Qual è il funzionamento della macchina organizzativa e della giuria?
«Il concorso internazionale prevede la consegna di tre premi tecnici, al miglior film, al miglior cortometraggio a soggetto e al miglior documentario, unitamente al nostro premio caratteristico “Nello spirito della fede”. La giuria quest'anno è composta da Reza Bahrami, regista, produttore e critico cinematografico iraniano; Serge Goriely, cineasta, drammaturgo e docente presso l'Università Cattolica di Louvain; Abdul-Rehman Malik, giornalista, educatore e direttore dell'Insight Film Festival di Manchester; Natalia Morales Herrera, attrice e regista colombiana direttrice del Fusagasugá International Film Festival; Ariela Piattelli, direttrice artistica del Pitigliani Kolno'a festival di Roma. Ai premi conferiti da Signis e dalle varie giurie speciali nelle diverse sedi del Festival quest’anno si aggiunge anche il premio del Forum Trentino per la Pace e i Diritti Umani in memoria di Alexander Langer a vent’anni dalla scomparsa».
Uno dei documentari: Madres de los dioes
Può ricordare anche gli appuntamenti previsti sul territorio nazionale.
«Fedele alla sua vocazione itinerante, Religion Today toccherà, oltre a Trento, varie località trentine e regionali, rinnovando in particolare la propria presenza in una città storicamente plurale come Merano. A Roma proseguirà l’esperienza della collaborazione con la Facoltà di Scienze della Comunicazione Sociale dell’Università Pontificia Salesiana, mentre la piccola grande comunità di Nomadelfia ancora una volta ci accoglierà per tre giorni di proiezioni ed eventi aperti anche alle scuole grossetane, ultima tappa prima di riprendere gli scambi con i partner internazionali, da Gerusalemme al Bangladesh».
I “dubbi” arrivati con il compimento della maggiore età delineano altresì anche la vostra maturità. Un bilancio di questi diciotto anni e uno sguardo al futuro.

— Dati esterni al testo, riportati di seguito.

definition sigma_loc :: "real \<Rightarrow> nat \<Rightarrow> enat \<Rightarrow> real" where
  "sigma_loc r p a = (case a of
      enat k \<Rightarrow> (\<Sum>i\<le>k. real p powr (- r * real i))
    | \<infinity> \<Rightarrow> 1 / (1 - real p powr (- r)))"

definition sigma_neg :: "real \<Rightarrow> steinitz \<Rightarrow> real" where
  "sigma_neg r n = lim (\<lambda>N. \<Prod>p\<in>{p. prime p \<and> p \<le> N}. sigma_loc r p (n p))"

definition u_tail :: "real \<Rightarrow> nat \<Rightarrow> real" where
  "u_tail r q = lim (\<lambda>N. \<Prod>p\<in>{p. prime p \<and> q < p \<and> p \<le> N}. 1 / (1 - real p powr (- r)))"

definition mighty :: "real \<Rightarrow> nat \<Rightarrow> bool" where
  "mighty r q \<longleftrightarrow> prime q \<and> 1 + real q powr (- r) > u_tail r q"

end

theory Submission
  imports Defs "HOL-Analysis.Summation_Tests"
begin

text \<open>
  Each local factor of sigma_{-r}(n) lies between 1 and 1/(1 - p^{-r}), so the partial
  Euler products increase to sigma_{-r}(n) and every single factor bounds it from below.
  If a prime p < q occurred in n, then sigma_{-r}(n) \<ge> 1 + p^{-r}, which for r \<ge> 2 and
  p_m > q^2 exceeds (1 + q^{-r})(1 + p_m^{-r}) = sigma_{-r}(q p_m). If moreover q did not
  occur, only primes above q would remain, so sigma_{-r}(n) \<le> u_m(r) < 1 + q^{-r} = sigma_{-r}(q)
  by mightiness of q.
\<close>

definition euler_partial_prod :: "(nat \<Rightarrow> real) \<Rightarrow> nat \<Rightarrow> real" where
  "euler_partial_prod f N = (\<Prod>p\<in>{p. prime p \<and> p \<le> N}. f p)"

lemma finite_primes_le: "finite {p::nat. prime p \<and> p \<le> N}"
  by (rule finite_subset[of _ "{..N}"]) auto

lemma prime_powr_neg_less_1:
  assumes "prime (p::nat)" "r > 0"
  shows "real p powr -r < 1"
  using powr_less_mono[of "-r" 0 "real p"] assms prime_gt_1_nat by simp

lemma prime_powr_neg_le_half:
  assumes "prime (p::nat)" "r \<ge> 1"
  shows "real p powr -r \<le> 1 / 2"
proof -
  have p: "real p \<ge> 2" using assms(1) prime_ge_2_nat by auto
  have "real p powr -r \<le> 2 powr -r" using p assms(2) by (intro powr_mono2') auto
  also have "\<dots> \<le> 2 powr -1" using assms(2) by (intro powr_mono) auto
  finally show ?thesis by (simp add: powr_minus)
qed

lemma sigma_loc_enat:
  assumes "prime (p::nat)"
  shows "sigma_loc r p (enat k) = (\<Sum>i\<le>k. (real p powr -r) ^ i)"
proof -
  have "(real p powr -r) ^ i = real p powr (-r * real i)" for i
  proof -
    have "(real p powr -r) ^ i = (real p powr -r) powr real i"
      using assms prime_gt_0_nat by (simp add: powr_realpow)
    then show ?thesis by (simp add: powr_powr)
  qed
  then show ?thesis by (simp add: sigma_loc_def)
qed

lemma sigma_loc_0 [simp]: "prime (p::nat) \<Longrightarrow> sigma_loc r p 0 = 1"
  by (simp add: sigma_loc_def zero_enat_def prime_gt_0_nat)

lemma sigma_loc_bounds:
  assumes "prime (p::nat)" "r > 0"
  shows "1 \<le> sigma_loc r p a" and "sigma_loc r p a \<le> 1 / (1 - real p powr -r)"
    and "a > 0 \<Longrightarrow> 1 + real p powr -r \<le> sigma_loc r p a"
proof -
  define x where "x = real p powr -r"
  have x: "0 < x" "x < 1"
    using prime_powr_neg_less_1[OF assms] prime_gt_0_nat[OF assms(1)] by (auto simp: x_def)
  have "1 \<le> sigma_loc r p a \<and> sigma_loc r p a \<le> 1 / (1 - x) \<and> (a > 0 \<longrightarrow> 1 + x \<le> sigma_loc r p a)"
  proof (cases a)
    case (enat k)
    then have sigma: "sigma_loc r p a = (\<Sum>i\<le>k. x ^ i)"
      using sigma_loc_enat[OF assms(1)] by (simp add: x_def)
    have "(\<Sum>i\<in>{0}. x ^ i) \<le> (\<Sum>i\<le>k. x ^ i)"
      using x by (intro sum_mono2) auto
    moreover have "a > 0 \<Longrightarrow> (\<Sum>i\<in>{0, 1}. x ^ i) \<le> (\<Sum>i\<le>k. x ^ i)"
      using x enat by (intro sum_mono2) (auto simp: zero_enat_def)
    moreover have "(\<Sum>i\<le>k. x ^ i) \<le> 1 / (1 - x)"
      using geometric_sum_less[of x "{..k}"] x by simp
    ultimately show ?thesis by (simp add: sigma)
  next
    case infinity
    have "(1 + x) * (1 - x) \<le> 1" by (simp add: algebra_simps)
    then show ?thesis using x infinity by (simp add: sigma_loc_def x_def field_simps)
  qed
  then show "1 \<le> sigma_loc r p a" "sigma_loc r p a \<le> 1 / (1 - real p powr -r)"
    "a > 0 \<Longrightarrow> 1 + real p powr -r \<le> sigma_loc r p a"
    by (auto simp: x_def)
qed

lemma incseq_euler_partial_prod:
  assumes "\<And>p. prime p \<Longrightarrow> 1 \<le> f p"
  shows "incseq (euler_partial_prod f)"
proof (rule incseq_SucI)
  fix N
  show "euler_partial_prod f N \<le> euler_partial_prod f (Suc N)"
  proof (cases "prime (Suc N)")
    case True
    then have "{p. prime p \<and> p \<le> Suc N} = insert (Suc N) {p. prime p \<and> p \<le> N}" by auto
    moreover have "0 \<le> euler_partial_prod f N"
      unfolding euler_partial_prod_def using assms
      by (intro prod_nonneg) (auto intro: order.trans[OF zero_le_one])
    ultimately show ?thesis
      using assms[OF True] by (simp add: euler_partial_prod_def finite_primes_le mult_le_cancel_right1)
  next
    case False
    then have "{p. prime p \<and> p \<le> Suc N} = {p. prime p \<and> p \<le> N}" by (auto simp: le_Suc_eq)
    then show ?thesis by (simp add: euler_partial_prod_def)
  qed
qed

lemma euler_partial_prod_ge_factor:
  assumes "\<And>p. prime p \<Longrightarrow> 1 \<le> f p" "prime p" "p \<le> N"
  shows "f p \<le> euler_partial_prod f N"
proof -
  have "euler_partial_prod f N = f p * (\<Prod>p'\<in>{p. prime p \<and> p \<le> N} - {p}. f p')"
    unfolding euler_partial_prod_def using assms(2,3) by (intro prod.remove) (auto simp: finite_primes_le)
  moreover have "1 \<le> (\<Prod>p'\<in>{p. prime p \<and> p \<le> N} - {p}. f p')"
    using assms(1) by (intro prod_ge_1) auto
  moreover have "0 \<le> f p" using assms(1,2) by (auto intro: order.trans[OF zero_le_one])
  ultimately show ?thesis by (simp add: mult_le_cancel_left1)
qed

«Per noi questa edizione, con i nostri primi 18 anni, rappresenta un traguardo conquistato letteralmente giorno per giorno, tra visioni, entusiasmi, spinte e ripensamenti, non senza difficoltà e “crisi di crescenza”: non è facile portare in tanti ambienti un nome che fa esplicito riferimento al religioso, né promuovere il dialogo e l’accoglienza nei periodi in cui violenze e problemi economici alimentano chiusure e intolleranze. Ma ogni anno abbiamo trovato anche il sostegno generoso di vecchi e nuovi compagni di strada: con loro cercheremo di restare sintonizzati con i cambiamenti radicali di un mondo in cui la sfida raccolta dal Festival - valorizzare le differenze, dentro e fuori la sala di proiezione - diventa ogni giorno più urgente».